New York police said they investigated 79 illegal massage parlors for nuisance violations in 2018, but didn't say how many of those storefronts were ultimately shutdown. Police data also shows prostitution arrests declined more than 60 percent from 2016 numbers while arrests of their customers rose nearly 180 percent.

New York is also among the places seeing growing support for decriminalizing and even legalizing sex work, as is the case in parts of Nevada and Europe. But anti-trafficking groups and local officials appear focused, for now, on more attainable legislative goals.

Delaware and North Carolina, for example, recently classified massage parlors as health businesses, making them subject to regular inspections and other sanitation and safety requirements. Lawmakers in Illinois, New Jersey, Texas, and a dozen other states are also weighing stricter regulations on the massage industry this year.

In Massachusetts, Ms. Healey backs proposed legislation to close a loophole that authorities say has allowed illegal spas to operate as unregulated "bodyworks" operations, despite passage of statewide massage parlor requirements in recent years.

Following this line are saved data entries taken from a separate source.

lemma partial_svd_Suc_upd:
  assumes "partial_svd k A U s V" and "0 \<le> c"
    and "norm u = 1" "norm v = 1" "\<forall>i<k. U i \<bullet> u = 0" "\<forall>i<k. V i \<bullet> v = 0"
    and "(A - outer_sum k s U V) *v v = c *\<^sub>R u"
    and "\<And>x. u \<bullet> ((A - outer_sum k s U V) *v x) = c * (v \<bullet> x)"
  shows "partial_svd (Suc k) A (U(k := u)) (s(k := c)) (V(k := v))"
proof -
  define R where "R = A - outer_sum k s U V"
  have residual: "(A - outer_sum (Suc k) (s(k := c)) (U(k := u)) (V(k := v))) *v x
      = R *v x - (c * (v \<bullet> x)) *\<^sub>R u" for x
    by (simp add: R_def outer_sum_Suc_upd diff_diff_eq[symmetric] matrix_vector_mult_diff_rdistrib
        scaleR_matrix_vector_assoc[symmetric] outer_mult_vec)
  have "u \<bullet> u = 1" "v \<bullet> v = 1"
    using assms(3,4) by (simp_all add: norm_eq_1)
  with assms show ?thesis
    unfolding partial_svd_def orthonormal_upto_Suc_upd residual R_def[symmetric] less_Suc_eq
    by (auto simp: inner_diff_right inner_commute)
qed

lemma partial_svd_Suc_nonzero:
  assumes "partial_svd k A U s V" "A \<noteq> outer_sum k s U V"
  obtains u c v where "partial_svd (Suc k) A (U(k := u)) (s(k := c)) (V(k := v))"
proof -
  define R where "R = A - outer_sum k s U V"
  have "R \<noteq> 0"
    using assms(2) unfolding R_def by simp
  then obtain x where x: "R *v x \<noteq> 0"
    by (metis matrix_eq matrix_vector_mult_0)
  obtain u v c where c: "c > 0" and uv: "norm u = 1" "norm v = 1"
    and Rv: "R *v v = c *\<^sub>R u" and uR: "\<And>y. u \<bullet> (R *v y) = c * (v \<bullet> y)"
    by (rule linear_singular_pair[OF matrix_vector_mul_linear x]) auto
  have "U i \<bullet> u = 0" if "i < k" for i
  proof -
    have "c * (U i \<bullet> u) = U i \<bullet> (R *v v)"
      by (simp add: Rv)
    also have "\<dots> = 0"
      using assms(1) that by (simp add: partial_svd_def R_def)
    finally show ?thesis
      using c by simp
  qed
  moreover have "V i \<bullet> v = 0" if "i < k" for i
  proof -
    have "c * (V i \<bullet> v) = u \<bullet> (R *v V i)"
      by (simp add: uR inner_commute)
    also have "\<dots> = 0"
      using assms(1) that by (simp add: partial_svd_def R_def)
    finally show ?thesis
      using c by simp
  qed
  ultimately show thesis
    using that partial_svd_Suc_upd[OF assms(1) less_imp_le[OF c] uv] Rv uR
    unfolding R_def by blast
qed

lemma partial_svd_exists:
  fixes A :: "real^'n^'m"
  assumes "k \<le> min CARD('m) CARD('n)"
  shows "\<exists>U s V. partial_svd k A U s V"
  using assms
proof (induction k)
  case 0
  then show ?case
    by simp
next
  case (Suc k)
  then obtain U s V where svd: "partial_svd k A U s V"
    by auto
  show ?case
  proof (cases "A = outer_sum k s U V")
    case True
    obtain u :: "real^'m" where "norm u = 1" "\<forall>i<k. U i \<bullet> u = 0"
      by (rule orthogonal_unit_exists[of k U]) (use Suc.prems in auto)
    moreover obtain v :: "real^'n" where "norm v = 1" "\<forall>i<k. V i \<bullet> v = 0"
      by (rule orthogonal_unit_exists[of k V]) (use Suc.prems in auto)
    ultimately have "partial_svd (Suc k) A (U(k := u)) (s(k := 0)) (V(k := v))"
      using partial_svd_Suc_upd[OF svd order.refl] True by simp
    then show ?thesis
      by blast
  next
    case False
    then show ?thesis
      using partial_svd_Suc_nonzero[OF svd False] by blast
  qed
qed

At the city and county level, codes limiting operating hours for massage parlors or banning features like buzzer-controlled front doors and back-door entrances have been used in recent years to shutter hundreds of storefronts in San Francisco, San Jose and other parts of California. But officials acknowledge these local measures often just push the industry into neighboring communities without those requirements.

Federal and state prosecutors, meanwhile, have gone after the johns who post Yelp-style reviews about their massage parlor experiences on online message boards.

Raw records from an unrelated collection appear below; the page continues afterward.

text \<open>After cancelling the common factor \<open>telescoper_core j m\<close> (with \<open>Y = q\<^sup>j\<close>, \<open>M = q\<^sup>m\<close>),
  the step identity \<open>inner_term_step_telescopes\<close> is this identity of rational functions.\<close>

lemma telescoping_rational_identity:
  fixes a k q z Y M X D1 D2 D3 D4 D5 D6 :: complex
  assumes X: "X = q * Y * M"
    and D: "D1 = 1 - k*X" "D2 = z - k*X" "D3 = 1 - a*q*X*Y" "D4 = 1 - q*M" "D5 = 1 - a*q*Y"
      "D6 = z - a*q*Y"
    and nz: "a \<noteq> 0" "D1 \<noteq> 0" "D2 \<noteq> 0" "D3 \<noteq> 0" "D4 \<noteq> 0" "D5 \<noteq> 0" "D6 \<noteq> 0"
  shows "(1-k*X^2)*z/(D1*D2) * ((1-k*X*Y)/D3)
     - (1-z*Y)*(1-Y)*q*a/(D5*D6) * ((1-k*X^2)*z/(D1*D2) * ((a-k*M)/(a*D4)))
   = -(1-a*q*Y*Y)*z/(D5*D6) * ((1-z*X)*(1-X)*q*(a-k*M)*(1-k*X*Y)/(D1*D2*D4*D3))
     - (-(1-a*q*Y*Y)*z/(D5*D6))"
proof -
  have poly: "(1-k*X^2)*((1-k*X*Y)*D4*D5*D6-(1-z*Y)*(1-Y)*q*(a-k*M)*D3)
    = -(1-a*q*Y*Y)*((1-z*X)*(1-X)*q*(a-k*M)*(1-k*X*Y)-D1*D2*D3*D4)"
    unfolding D X by (simp add: algebra_simps power2_eq_square)
  define Den where "Den = D1*D2*D3*D4*D5*D6*a"
  have Den: "Den \<noteq> 0" using nz by (simp add: Den_def)
  have L: "((1-k*X^2)*z/(D1*D2) * ((1-k*X*Y)/D3)
      - (1-z*Y)*(1-Y)*q*a/(D5*D6) * ((1-k*X^2)*z/(D1*D2) * ((a-k*M)/(a*D4)))) * Den
    = (1-k*X^2)*z*(1-k*X*Y)*D4*D5*D6*a - (1-z*Y)*(1-Y)*q*a*(1-k*X^2)*z*(a-k*M)*D3"
    using nz unfolding Den_def by (simp add: field_simps)
  have R: "(-(1-a*q*Y*Y)*z/(D5*D6) * ((1-z*X)*(1-X)*q*(a-k*M)*(1-k*X*Y)/(D1*D2*D4*D3))
      - (-(1-a*q*Y*Y)*z/(D5*D6))) * Den
    = -(1-a*q*Y*Y)*z*(1-z*X)*(1-X)*q*(a-k*M)*(1-k*X*Y)*a - -(1-a*q*Y*Y)*z*D1*D2*D3*D4*a"
    using nz unfolding Den_def by (simp add: field_simps)
  have "(1-k*X^2)*z*(1-k*X*Y)*D4*D5*D6*a - (1-z*Y)*(1-Y)*q*a*(1-k*X^2)*z*(a-k*M)*D3
      = -(1-a*q*Y*Y)*z*(1-z*X)*(1-X)*q*(a-k*M)*(1-k*X*Y)*a - -(1-a*q*Y*Y)*z*D1*D2*D3*D4*a"
    using arg_cong[OF poly, of "\<lambda>t. a * z * t"] by (simp add: algebra_simps)
  with L R Den show ?thesis
    by (metis mult_cancel_right)
qed

section \<open>Evaluation of the inner series\<close>

locale wp_parameters =
  fixes a k q z :: complex
  assumes norm_q: "norm q < 1"
    and norm_qa_less: "norm (q * a) < norm z"
    and a_nonzero: "a \<noteq> 0"
    and qpoch_q_nonzero: "\<And>n. qpoch q q n \<noteq> 0"
    and qpoch_aq_nonzero: "\<And>n. qpoch (a * q) q n \<noteq> 0"
    and qpoch_sqrt_nonzero: "\<And>n. qpoch (csqrt k) q n \<noteq> 0"
    and qpoch_neg_sqrt_nonzero: "\<And>n. qpoch (- csqrt k) q n \<noteq> 0"
    and qpoch_qk_nonzero: "\<And>n. qpoch (q * k) q n \<noteq> 0"
    and qpoch_qkz_nonzero: "\<And>n. qpoch (q * k / z) q n \<noteq> 0"
    and qpoch_qaz_nonzero: "\<And>n. qpoch (q * a / z) q n \<noteq> 0"
begin

text \<open>\<open>beta_weight N\<close> and \<open>alpha_weight j\<close> are the coefficients of \<open>\<beta> N\<close> and \<open>\<alpha> j\<close> in the
  theorem, with \<open>(q\<surd>k, -q\<surd>k; q)\<^sub>N / (\<surd>k, -\<surd>k; q)\<^sub>N\<close> written as \<open>(1 - k q\<^sup>2\<^sup>N) / (1 - k)\<close>;
  \<open>wp_kernel N j\<close> is the coefficient of \<open>\<alpha> j\<close> in \<open>\<beta> N\<close>.\<close>

definition beta_weight :: "nat \<Rightarrow> complex" where
  "beta_weight N = (1 - k * q ^ (2 * N)) / (1 - k) * qpoch z q N * qpoch q q (N - 1)
     / (qpoch (q * k) q N * qpoch (q * k / z) q N) * (q * a / z) ^ N"

definition alpha_weight :: "nat \<Rightarrow> complex" where
  "alpha_weight j = qpoch z q j * qpoch q q (j - 1)
     / (qpoch (q * a) q j * qpoch (q * a / z) q j) * (q * a / z) ^ j"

In the Seattle-area, for example, authorities shut down a local site called The Review Board and charged dozens of people, including reviewers and massage parlor operators, on prostitution-related offenses in 2016.

Larger massage parlor boards like Rubmaps, however, continue to operate, complain anti-trafficking activists.

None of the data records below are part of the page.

lemma slow_instance:
  fixes B :: nat and \<eta> \<epsilon> :: real and n :: nat
  assumes B: "B \<ge> 1" and \<eta>: "0 < \<eta>" "\<eta> < 1/2" and \<epsilon>: "0 < \<epsilon>" "\<epsilon> < 1" and n: "n \<ge> 10"
  shows "\<exists>(A::nat \<Rightarrow> nat \<Rightarrow> nat \<Rightarrow> real) (Q::nat) (x0::nat \<Rightarrow> real).
         Q > 0 \<and>
         (\<forall>i<n. \<exists>m::int. x0 i = real_of_int m / real Q) \<and>
         (\<forall>k. doubly_stochastic n (A k)) \<and>
         (\<forall>k. \<forall>i<n. A k i i > 0) \<and>
         (\<forall>k. \<forall>i<n. \<forall>j<n. A k i j > 0 \<longrightarrow> A k i j \<ge> \<eta>) \<and>
         (\<forall>k. strongly_connected n (\<Union>t\<in>{k*B..<(k+1)*B}. edges n (A t))) \<and>
         Vlow n x0 > 0 \<and>
         (\<forall>k. Vlow n (traj n Q A x0 k) / Vlow n x0 \<le> \<epsilon> \<longrightarrow>
              real k \<ge> 1/400 * (real n)\<^sup>2 / \<eta> * real B * ln (1/\<epsilon>))"
proof -
  define T where "T = 1/400 * (real n)\<^sup>2 / \<eta> * real B * ln (1/\<epsilon>)"
  define gap where "gap = Vlow n (cos_mode n) * (sqrt \<epsilon> - \<epsilon>)"
  define Q where "Q = nat \<lceil>(T + 2) * (1 + 24 * real n / gap)\<rceil>"
  define x0 where "x0 = (\<lambda>i. floorQ Q (cos_mode n i))"
  have n2: "2 \<le> n" using n by simp
  have T0: "0 \<le> T" unfolding T_def using \<eta> \<epsilon> by simp
  have gap0: "0 < gap"
    unfolding gap_def using Vlow_cos_mode_pos[OF n2] less_sqrt_self \<epsilon> by simp
  have Q_ceil: "(T + 2) * (1 + 24 * real n / gap) \<le> real Q"
    unfolding Q_def by linarith
  have "T + 2 \<le> (T + 2) * (1 + 24 * real n / gap)"
    using T0 gap0 by (intro mult_le_cancel_left1[THEN iffD2]) auto
  with Q_ceil have Q_ge: "T + 2 \<le> real Q" by linarith
  have "24 * real n * (T + 2) \<le> (T + 2) * (1 + 24 * real n / gap) * gap"
    using T0 gap0 by (simp add: field_simps)
  also have "\<dots> \<le> real Q * gap" using Q_ceil gap0 by (intro mult_right_mono) auto
  finally have Q_fine: "24 * real n * (T + 2) \<le> real Q * Vlow n (cos_mode n) * (sqrt \<epsilon> - \<epsilon>)"
    unfolding gap_def by (simp add: mult.assoc)
  note bound = slow_schedule_lower_bound[OF n B \<eta> \<epsilon>, of Q, folded T_def x0_def, OF Q_ge Q_fine]
  show ?thesis
  proof (intro exI[of _ "slow_schedule n \<eta> B"] exI[of _ Q] exI[of _ x0] conjI allI impI)
    show "0 < Q" using Q_ge T0 by linarith
    show "\<exists>m::int. x0 i = real_of_int m / real Q" for i
      unfolding x0_def floorQ_def by blast
    show "doubly_stochastic n (slow_schedule n \<eta> B k)" for k
      using slow_schedule_props(1)[OF n2 \<eta>(1) _ B] \<eta> by simp
    show "0 < slow_schedule n \<eta> B k i i" for k i
      using slow_schedule_props(2)[OF n2 \<eta>(1) _ B] \<eta> by simp
    show "\<eta> \<le> slow_schedule n \<eta> B k i j" if "0 < slow_schedule n \<eta> B k i j" for k i j
      using slow_schedule_props(3)[OF n2 \<eta>(1) _ B] \<eta> that by simp
    show "strongly_connected n (\<Union>t\<in>{k*B..<(k+1)*B}. edges n (slow_schedule n \<eta> B t))" for k
      using slow_schedule_props(4)[OF n2 \<eta>(1) _ B] \<eta> by simp
    show "0 < Vlow n x0" by (rule bound(1))
    show "1/400 * (real n)\<^sup>2 / \<eta> * real B * ln (1/\<epsilon>) \<le> real k"
      if "Vlow n (traj n Q (slow_schedule n \<eta> B) x0 k) / Vlow n x0 \<le> \<epsilon>" for k
      using that bound unfolding T_def by (simp add: pos_divide_le_eq)
  qed
qed

theorem proposition6:
  shows "\<exists>(c::real) > 0. \<exists>n0::nat.
    \<forall>(B::nat) (\<eta>::real) (\<epsilon>::real) (n::nat).
      B \<ge> 1 \<longrightarrow> 0 < \<eta> \<longrightarrow> \<eta> < 1/2 \<longrightarrow> 0 < \<epsilon> \<longrightarrow> \<epsilon> < 1 \<longrightarrow> n \<ge> n0 \<longrightarrow>
      (\<exists>(A::nat \<Rightarrow> nat \<Rightarrow> nat \<Rightarrow> real) (Q::nat) (x0::nat \<Rightarrow> real).
         Q > 0 \<and>
         (\<forall>i<n. \<exists>m::int. x0 i = real_of_int m / real Q) \<and>
         (\<forall>k. doubly_stochastic n (A k)) \<and>
         (\<forall>k. \<forall>i<n. A k i i > 0) \<and>
         (\<forall>k. \<forall>i<n. \<forall>j<n. A k i j > 0 \<longrightarrow> A k i j \<ge> \<eta>) \<and>
         (\<forall>k. strongly_connected n (\<Union>t\<in>{k*B..<(k+1)*B}. edges n (A t))) \<and>
         Vlow n x0 > 0 \<and>
         (\<forall>k. Vlow n (traj n Q A x0 k) / Vlow n x0 \<le> \<epsilon> \<longrightarrow>
              real k \<ge> c * (real n)\<^sup>2 / \<eta> * real B * ln (1/\<epsilon>)))"
  by (intro exI[of _ "1/400"] conjI exI[of _ 10] allI impI slow_instance) simp_all

end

The Department of Justice said federal sex trafficking legislation enacted last year empowers states to go after problematic sites. It also highlighted recent cases in which federal prosecutors shut down prostitution-related websites and brought charges against their owners, including last year's takedown of the notorious escort listing website Backpage.com.

For former massage parlor sex worker Jasmine Grace Marino, the solution is simple: End the demand for paid sex.

The New Hampshire resident says she was pressured to work at sites in Connecticut and Maine in her 20s by her then-boyfriend, who eventually became her pimp. She walked away after five years, wrote a book about her experience, and also runs Bags of Hope, a Boston-based ministry that helps women who have been trafficked or are dealing with addiction or homelessness.

"Men need to have these conversations," Ms. Marino said. "Look at Robert Kraft. Even being billionaire and winning all those championships, he's still not satisfied and has to fill that need illegally. Something is broken in there for these men."

This story was reported by The Associated Press.